Lilly Wachowski has shared the words she would have said to herself 30 years ago, before her gender transition, when she was co-writing and directing the 1996 neo-noir classic. related toWhich helped launch it Matrix Director’s profession.
“Okay, start taking that estrogen. What are you doing? Get out of the closet!” The Wachowskis told moderator Julie Klausner and a captivated audience at the Tribeca festival.
Wachowski was on stage at the Tribeca Festival in Manhattan with the cast of her and her sister Lana Wachowski’s feature film debut, including Jennifer Tilly, Gina Gershon, Joe Pantoliano, and Christopher Meloni. The festival screened the film on its 30th anniversary at Spring Studios, where it received an enthusiastic response from the audience, who gave the Wachowskis and the cast a standing ovation when they walked onto the stage.
Klausner opened by asking her co-director after admitting that the film — which follows tough convict Corky (Gershon) and his gangster girlfriend Violet as they plan to con her boyfriend Cesar (Pantoliano) of $2 million — seemed to send postcards from her past to the Wachowskis. Klausner noted that the film begins with a shot of a closet.
Gershon revealed that she considered firing her clients when they told her that taking on the role of hardened convict-turned-plumber Corky would be a bad career move — especially after she had just wrapped the role of Crystal Conner in Showgirlswhich at that point was considered a box office bomb and not the campy cult classic it has since become.
The actress said she told her actors when they noticed the character was gay. “There’s a lot to it about this.”
Gershon offered a different version of how Pantoliano got the role of villain Cesare, correcting the actress by saying she had a hand in casting him in the dramatic role of the mob-connected friend who becomes unhinged when the two lovers try to abscond with his stolen money. Pantoliano told the audience he was undercutting another actor being considered by cutting his fee by $25,000 — drawing laughter from fans of the film and those who had just seen it for the first time at Spring Studios in midtown Manhattan.
But it was Tilly, the scene-stealer, who turned her charm and dry wit on the audience and earned the loudest applause of the night, as she delivered sarcastic half-truths about the production of the independent classic, its art direction and its relationship to the green light of Matrixwhich the Wachowskis directed three years later. This film redefined the sisters’ career and opened the door to a large number of films derived from its style and story.
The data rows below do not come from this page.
(* Let $\alpha=[a_0;a_1,\dots,a_r,\overline{b_1,\dots,b_s}]\in\widehat K$ with $r\ge1$, $s\ge1$, $a_0\in R$ and $a_1,\dots,a_r,b_1,\dots,b_s$ nonconstant polynomials in $R$, and let $\alpha^\sigma$ be its Galois conjugate over $K$. If $a_r\ne b_s$, then $h(\alpha)=|\alpha-\alpha^\sigma|^{-1}=q^{\,2\left(\sum_{i=1}^r\deg a_i\right)-\deg a_r-\deg b_s+\deg(a_r-b_s)}.$
   Context: $q$ is a positive power of a prime, $R=\mathbb F_q[Y]$, $K=\mathbb F_q(Y)$, $\widehat K=\mathbb F_q((Y^{-1}))$ with absolute value $|P/Q|=q^{\deg P-\deg Q}$ extended to $\widehat K$. $[a_0;a_1,a_2,\dots]$ denotes the continued fraction $a_0+1/(a_1+1/(a_2+\cdots))$ and an overline indicates a block repeated infinitely often. Such an eventually periodic expansion represents a quadratic power series over $K$. *)

theory Defs
  imports Complex_Main "HOL-Library.Cardinality" "HOL-Computational_Algebra.Polynomial" "HOL-Computational_Algebra.Formal_Laurent_Series"
begin

text \<open>The field F_q is modelled by a finite field type 'a, q = CARD('a).
  The completion F_q((Y^-1)) is modelled by Laurent series 'a fls in the variable
  X = Y^-1; thus Y corresponds to fls_X_inv.\<close>

definition emb :: "'a::field poly \<Rightarrow> 'a fls" where
  "emb p = poly (map_poly fls_const p) fls_X_inv"

text \<open>Absolute value |f| = q^(-v(f)), where v is the X-adic (i.e. Y^-1-adic) valuation;
  for f = emb P this is q^(deg P).\<close>

definition fls_absv :: "'a::{field,finite} fls \<Rightarrow> real" where
  "fls_absv f = (if f = 0 then 0 else real CARD('a) powr (- real_of_int (fls_subdegree f)))"

fun cf_list :: "'a::field fls list \<Rightarrow> 'a fls" where
  "cf_list [] = 0"
| "cf_list [c] = c"
| "cf_list (c # cs) = c + inverse (cf_list cs)"

definition cf_convergent :: "(nat \<Rightarrow> 'a::field poly) \<Rightarrow> nat \<Rightarrow> 'a fls" where
  "cf_convergent c n = cf_list (map (\<lambda>i. emb (c i)) [0..<Suc n])"

text \<open>Partial quotients of [a0; a1, ..., ar, overline(b1, ..., bs)].\<close>

definition eperiodic_pq :: "(nat \<Rightarrow> 'a poly) \<Rightarrow> nat \<Rightarrow> (nat \<Rightarrow> 'a poly) \<Rightarrow> nat \<Rightarrow> nat \<Rightarrow> 'a poly" where
  "eperiodic_pq a r b s n = (if n \<le> r then a n else b ((n - r - 1) mod s + 1))"

definition galois_conj :: "'a::field fls \<Rightarrow> 'a fls" where
  "galois_conj \<alpha> = (SOME \<beta>. \<exists>A B C. A \<noteq> 0 \<and> \<alpha> \<notin> {emb P / emb Q | P Q. Q \<noteq> 0} \<and>
      emb A * \<alpha>\<^sup>2 + emb B * \<alpha> + emb C = 0 \<and> \<beta> = - emb B / emb A - \<alpha>)"

end

theory Submission
  imports Defs
begin

text \<open>
  Write \<open>v = fls_subdegree\<close>, so \<open>|x| = q\<^bsup>-v x\<^esup>\<close>. Let \<open>\<theta> m\<close> be the complete quotients of
  \<open>\<alpha>\<close>, so \<open>\<theta> m = c m + 1/\<theta> (m+1)\<close> and \<open>v (\<theta> m) = -deg (c m)\<close> for \<open>m \<ge> 1\<close>. They are
  irrational, since the expansion of a rational function terminates, so each has a unique conjugate
  \<open>\<theta>' m\<close>, and conjugation commutes with \<open>x \<mapsto> c m + 1/x\<close>. Hence
  \<open>\<theta> m - \<theta>' m = -(\<theta> (m+1) - \<theta>' (m+1)) / (\<theta> (m+1) \<theta>' (m+1))\<close>, and \<open>v (\<alpha> - \<alpha>')\<close> telescopes
  into \<open>v (\<theta> (r+1) - \<theta>' (r+1))\<close> minus the valuations of \<open>\<theta> j, \<theta>' j\<close> for \<open>1 \<le> j \<le> r+1\<close>.

  The tail \<open>\<theta> (r+1)\<close> is purely periodic. One period gives a Moebius relation with polynomial
  coefficients, and Vieta's product formula shows \<open>|\<theta>' (r+1)| < 1\<close>. This persists around the
  period, so \<open>1/\<theta>' (r+1) = \<theta>' (r+s) - b s\<close> with \<open>|\<theta>' (r+s)| < 1\<close>. Hence
  \<open>\<theta>' r = (a r - b s) + \<theta>' (r+s)\<close> has valuation \<open>-deg (a r - b s) \<le> 0\<close>, and going down,
  \<open>v (\<theta>' j) = -deg (a j)\<close> for \<open>1 \<le> j < r\<close>. Adding up the valuations gives the exponent.
\<close>

lemma emb_pCons: "emb (pCons c p) = fls_const c + fls_X_inv * emb (p::'a::field poly)"
  by (simp add: emb_def map_poly_pCons)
“I heard that one of the reasons they wrote[[related to]is that you weren’t really happy with the method [their first script] Assassins “It turns out,” she said. “I wrote MatrixAnd I wanted guidance MatrixAnd your agent said, “Nobody’s going to let you make a $120 million movie,” which was their budget at the time. That’s why I wrote related to – So you will have a calling card. Is this correct?
The Wachowski corrected the record, saying that the idea that one film was made simply to greenlight another is not true.
“We didn’t write related to To convince people to let us direct Matrix. We wrote related to “Because we were going through some things — and we had to… we had a lot to figure out,” she said. “We wanted to make a movie with two strong female characters, the foreshadowing and Matrix Things just came later.